Under the model, child welfare workers or the court could refer a family to the team with specific questions, such as: Will this mother's mental illness affect her parenting capacity? If so, what kind of interventions would help? These questions focused the examinations, which included a psychiatric evaluation as well as an assessment of how much insight a parent has into her mental illness, and how much practical knowledge she has of child development.
The assessments included direct observations of the mother with her children; a developmental screening of each child; interviews with each child; videotaped observations of the parent interacting with the child both in a clinic and at home; parents' responses to questionnaires; and a review of previous records and psychiatric evaluations. Each individual on the team wrote a report summarizing his or her area of the evaluation, and a team coordinator compiled the reports, wrote a summary of the findings and made recommendations for services and supports likely to help the parent.
One drawback to these evaluations is their cost--about $1,700 per family. But the task force suggested that a comprehensive evaluation might cost no more than a series of less detailed evaluations. Before this comprehensive method was developed, parents would often undergo multiple evaluations at a cost of about $500 each--either because the parent's lawyer challenged an evaluation as biased, or because a court believed an evaluation was incomplete or confusing. Hasty, incomplete evaluations can lead to longer stays in foster care because courts are afraid of making incorrect decisions, notes Miller.

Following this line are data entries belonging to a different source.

lemma ncomp_union_block:
  assumes fin: "finite V" and W: "W \<subseteq> V" and j: "j \<in> V" "j \<notin> W" and i: "i \<in> W"
    and A1: "A1 \<subseteq> ind_edges E ends W" and conn: "ncomp W ends A1 = 1"
    and A2: "A2 \<subseteq> cross_edges E ends W j"
    and A3: "A3 \<subseteq> ind_edges E ends (V - W)"
  shows "ncomp V ends (A1 \<union> A2 \<union> A3) = ncomp (V - W) ends A3 + (if A2 = {} then 1 else 0)"
proof -
  let ?A = "A1 \<union> A2 \<union> A3"
  let ?R = "adj_rel V ends ?A"
  let ?cl = "\<lambda>x. connected_rel V ends ?A `` {x}"
  have iV: "i \<in> V" using i W by auto
  have to_i: "(y, i) \<in> ?R\<^sup>*" if "y \<in> W" for y
  proof -
    have "(i, y) \<in> (adj_rel W ends A1)\<^sup>*"
      using ncomp_eq_1_iff[OF i, of ends A1] conn that by simp
    from rtrancl_adj_rel_mono[OF W _ this, of ?A] have "(i, y) \<in> ?R\<^sup>*"
      by blast
    then show ?thesis by (rule rtrancl_adj_rel_sym)
  qed
  have "?cl y = ?cl i" if "y \<in> W" for y
    by (rule connected_rel_class_eq_iff[OF _ iV, THEN iffD2]) (use that W to_i in auto)
  then have "?cl ` W = (\<lambda>_. ?cl i) ` W"
    by (rule image_cong[OF refl])
  also have "\<dots> = {?cl i}"
    using i by (rule image_constant)
  finally have cl_W: "?cl ` W = {?cl i}" .
  have "V = W \<union> (V - W)" using W by blast
  then have "?cl ` V = ?cl ` W \<union> ?cl ` (V - W)"
    by (metis image_Un)
  then have ncomp_V: "ncomp V ends ?A = card (insert (?cl i) (?cl ` (V - W)))"
    unfolding ncomp_eq_card_classes cl_W by simp
  show ?thesis
  proof (cases "A2 = {}")
    case True
    have "?cl i \<notin> ?cl ` (V - W)"
    proof
      assume "?cl i \<in> ?cl ` (V - W)"
      then obtain u where u: "u \<in> V - W" "?cl i = ?cl u" by (rule imageE)
      then have "(u, i) \<in> ?R\<^sup>*"
        by (intro connected_rel_class_eq_iff[OF _ iV, THEN iffD1]) auto
      then show False
        using rtrancl_adj_rel_from_outside[OF W j A1 A2 A3 u(1), of i] True i by simp
    qed
    then show ?thesis
      using ncomp_V card_classes_outside_block[OF W j A1 A2 A3] fin True by simp
  next
    case False
    then obtain e w where e: "e \<in> A2" "w \<in> W" "ends e = {w, j}"
      using A2 unfolding cross_edges_def by blast
    have "(w, j) \<in> ?R" using e W j by (intro adj_relI[of _ _ _ e]) auto
    then have "(i, j) \<in> ?R\<^sup>*"
      using rtrancl_adj_rel_sym[OF to_i[OF e(2)]] by (rule rtrancl_into_rtrancl[rotated])
    then have "?cl i = ?cl j"
      by (rule connected_rel_class_eq_iff[OF iV j(1), THEN iffD2])
    then have "?cl i \<in> ?cl ` (V - W)"
      using j by blast
    then show ?thesis
      using ncomp_V card_classes_outside_block[OF W j A1 A2 A3] False by (simp add: insert_absorb)
  qed
qed

definition component :: "'v set \<Rightarrow> ('e \<Rightarrow> 'v set) \<Rightarrow> 'e set \<Rightarrow> 'v \<Rightarrow> 'v set" where
  "component V ends A x = (adj_rel V ends A)\<^sup>* `` {x}"

lemma component_subset:
  assumes "x \<in> V"
  shows "component V ends A x \<subseteq> V"
proof
  fix y assume "y \<in> component V ends A x"
  then have "(x, y) \<in> (adj_rel V ends A)\<^sup>*" unfolding component_def by simp
  then show "y \<in> V"
    using assms adj_rel_subset by (induction rule: rtrancl_induct) auto
qed

lemma self_in_component: "x \<in> component V ends A x"
  unfolding component_def by simp

lemma component_eq_iff:
  assumes "x \<in> V"
  shows "component V ends A x = V \<longleftrightarrow> ncomp V ends A = 1"
  using component_subset[OF assms] ncomp_eq_1_iff[OF assms] unfolding component_def by blast

lemma component_union_block:
  assumes W: "W \<subseteq> V" and j: "j \<notin> W" and i: "i \<in> W"
    and A1: "A1 \<subseteq> ind_edges E ends W" and A2: "A2 \<subseteq> cross_edges E ends W j"
    and A3: "A3 \<subseteq> ind_edges E ends (V - W)"
  shows "component (V - {j}) ends (A1 \<union> A2 \<union> A3) i = component W ends A1 i"
proof
  show "component W ends A1 i \<subseteq> component (V - {j}) ends (A1 \<union> A2 \<union> A3) i"
    unfolding component_def using rtrancl_adj_rel_mono[of W "V - {j}" A1] W j by blast
  have "y \<in> W \<and> (i, y) \<in> (adj_rel W ends A1)\<^sup>*"
    if "(i, y) \<in> (adj_rel (V - {j}) ends (A1 \<union> A2 \<union> A3))\<^sup>*" for y
    using that
  proof (induction rule: rtrancl_induct)
    case base
    then show ?case using i by simp
  next
    case (step y z)
    then have y: "y \<in> W" "(i, y) \<in> (adj_rel W ends A1)\<^sup>*" by auto
    from step.hyps(2) obtain e where
      e: "z \<noteq> j" "y \<noteq> j" "e \<in> A1 \<union> A2 \<union> A3" "y \<in> ends e" "z \<in> ends e"
      by (rule adj_relE) auto
    consider "e \<in> A1" | "e \<in> A2" | "e \<in> A3" using e(3) by blast
    then show ?case
    proof cases
      case 1
      then have "z \<in> W" "(y, z) \<in> adj_rel W ends A1"
        using A1 e y unfolding ind_edges_def by (auto intro: adj_relI)
      then show ?thesis using y by auto
    next
      case 2
      then have "y = z" using A2 e unfolding cross_edges_def by auto
      then show ?thesis using y by simp
    next
      case 3
      then show ?thesis using A3 e y unfolding ind_edges_def by auto
    qed
  qed
  then show "component (V - {j}) ends (A1 \<union> A2 \<union> A3) i \<subseteq> component W ends A1 i"
    unfolding component_def by auto
qed

lemma subset_block_edges_if_component:
  assumes mg: "multigraph V E ends" and A: "A \<subseteq> E" and i: "i \<in> V - {j}"
    and W: "component (V - {j}) ends A i = W"
  shows "A \<subseteq> ind_edges E ends W \<union> cross_edges E ends W j \<union> ind_edges E ends (V - W)"
proof
  fix e assume e: "e \<in> A"
  with A have eE: "e \<in> E" by auto
  note ends = multigraph_ends[OF mg eE]
  show "e \<in> ind_edges E ends W \<union> cross_edges E ends W j \<union> ind_edges E ends (V - W)"
  proof (cases "ends e \<inter> W = {}")
    case True
    then show ?thesis using ends eE unfolding ind_edges_def by auto
  next
    case False
    then obtain x where x: "x \<in> ends e" "x \<in> W" by auto
    have W_sub: "W \<subseteq> V - {j}" using W component_subset[OF i] by blast
    then have xV: "x \<in> V - {j}" using x by blast
    have "ends e \<subseteq> W \<union> {j}"
    proof
      fix y assume y: "y \<in> ends e"
      show "y \<in> W \<union> {j}"
      proof (cases "y = j")
        case False
        then have "(x, y) \<in> adj_rel (V - {j}) ends A"
          using xV x y ends e by (intro adj_relI[of _ _ _ e]) auto
        then show ?thesis using x W unfolding component_def by (auto intro: rtrancl_into_rtrancl)
      qed simp
    qed
    moreover have "j \<notin> W" using W_sub by blast
    moreover have "ends e = {x, j}" if "j \<in> ends e"
      using card_le_2_eq_pair[of "ends e" x j] ends x that \<open>j \<notin> W\<close> by auto
    ultimately show ?thesis using x eE unfolding ind_edges_def cross_edges_def by auto
  qed
qed

lemma component_eq_iff_block:
  assumes mg: "multigraph V E ends" and A: "A \<subseteq> E"
    and W: "W \<subseteq> V" and i: "i \<in> W" and j: "j \<in> V" "j \<notin> W"
  shows "component (V - {j}) ends A i = W \<longleftrightarrow>
    A \<subseteq> ind_edges E ends W \<union> cross_edges E ends W j \<union> ind_edges E ends (V - W) \<and>
    ncomp W ends (A \<inter> ind_edges E ends W) = 1"
proof -
  have component_split: "component (V - {j}) ends A i = component W ends (A \<inter> ind_edges E ends W) i"
    if "A \<subseteq> ind_edges E ends W \<union> cross_edges E ends W j \<union> ind_edges E ends (V - W)"
  proof -
    have "A = (A \<inter> ind_edges E ends W) \<union> (A \<inter> cross_edges E ends W j) \<union> (A \<inter> ind_edges E ends (V - W))"
      using that by blast
    then show ?thesis
      using component_union_block[OF W j(2) i, of "A \<inter> ind_edges E ends W" E ends] by (metis Int_lower2)
  qed
  have iVj: "i \<in> V - {j}" using i W j by auto
  show ?thesis
    using subset_block_edges_if_component[OF mg A iVj] component_split component_eq_iff[OF i]
    by blast
qed

lemma sum_Pow_prod:
  fixes w :: "'e \<Rightarrow> 'a::comm_semiring_1"
  shows "finite X \<Longrightarrow> (\<Sum>A\<in>Pow X. \<Prod>e\<in>A. w e) = (\<Prod>e\<in>X. 1 + w e)"
  using prod_add[of X w "\<lambda>_. 1"] by (simp add: add.commute)

lemma sum_Pow_if_empty:
  fixes w :: "'e \<Rightarrow> 'a::comm_ring_1"
  assumes "finite X"
  shows "(\<Sum>A\<in>Pow X. (if A = {} then c else 1) * (\<Prod>e\<in>A. w e)) = c - 1 + (\<Prod>e\<in>X. 1 + w e)"
proof -
  have "(\<Sum>A\<in>Pow X. (if A = {} then c else 1) * (\<Prod>e\<in>A. w e)) =
        (\<Sum>A\<in>Pow X. (\<Prod>e\<in>A. w e) + (if {} = A then c - 1 else 0))"
    by (rule sum.cong) auto
  also have "\<dots> = (\<Sum>A\<in>Pow X. \<Prod>e\<in>A. w e) + (c - 1)"
    using assms by (simp add: sum.distrib)
  finally show ?thesis
    using sum_Pow_prod[OF assms, of w] by simp
qed

lemma sum_image_Un3:
  assumes "X \<inter> Y = {}" "X \<inter> Z = {}" "Y \<inter> Z = {}"
    and "S1 \<subseteq> Pow X" "S2 \<subseteq> Pow Y" "S3 \<subseteq> Pow Z"
  shows "(\<Sum>A\<in>(\<lambda>(A1, A2, A3). A1 \<union> A2 \<union> A3) ` (S1 \<times> S2 \<times> S3). f A) =
    (\<Sum>A1\<in>S1. \<Sum>A2\<in>S2. \<Sum>A3\<in>S3. f (A1 \<union> A2 \<union> A3))"
proof -
  have "inj_on (\<lambda>(A1, A2, A3). A1 \<union> A2 \<union> A3) (S1 \<times> S2 \<times> S3)"
  proof (rule inj_on_inverseI[where g = "\<lambda>A. (A \<inter> X, A \<inter> Y, A \<inter> Z)"])
    fix t assume t: "t \<in> S1 \<times> S2 \<times> S3"
    obtain A1 A2 A3 where t_eq: "t = (A1, A2, A3)" by (cases t)
    have "A1 \<subseteq> X" "A2 \<subseteq> Y" "A3 \<subseteq> Z"
      using t assms(4-6) unfolding t_eq by auto
    with t_eq show "(\<lambda>A. (A \<inter> X, A \<inter> Y, A \<inter> Z)) ((\<lambda>(A1, A2, A3). A1 \<union> A2 \<union> A3) t) = t"
      using assms(1-3) by auto
  qed
  then show ?thesis
    by (simp add: sum.reindex sum.cartesian_product split_def)
qed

"At present, many individuals with severe and chronic mental disorders are evaluated several times over a long period using unsound methodologies that do not directly assess parenting competency or potential for violence," explains the report, titled "Focus on Women: Mentally Ill Mothers Who Have Killed," which Miller co-authored. "Use of comprehensive, sound assessments when a case first enters the system could help considerably in shortening the length of time that children of mentally ill parents remain in foster care."
In Chicago, says Miller, the team quickly gained a reputation for helping "to clear cases that had been conundrums for years held up in the child welfare system."
However, there were unintended consequences of the evaluation reform. The original mission of the team was to conduct evaluations when a mother first came into contact with the foster care system, in order to determine what services and supports she needed to bring her children home. Instead, when Chicago attorneys saw how seriously the judges took these evaluations, they began to use them to speed the termination of parental rights for mothers whose children had been in the system for years.
Rather than using the evaluation team to help mothers who were new to the foster care system, says Miller, "they would find it was much easier to take a case that was languishing for five or six years and ask us to evaluate the case and subpoena us, and they could get the case off their hands much faster because the judges always listened to us because our evaluations were very sound. And it wasn't that these cases shouldn't have been terminated. It was just a poor use of our resources that ran counter to our mission. We weren't in the business of wanting to spend our time terminating rights for mothers."
As a result, the original parenting assessment team closed shop. However, two other groups in Chicago are using a similar method to evaluate parents involved in some of the most severe cases of abuse and neglect whose children have recently entered foster care.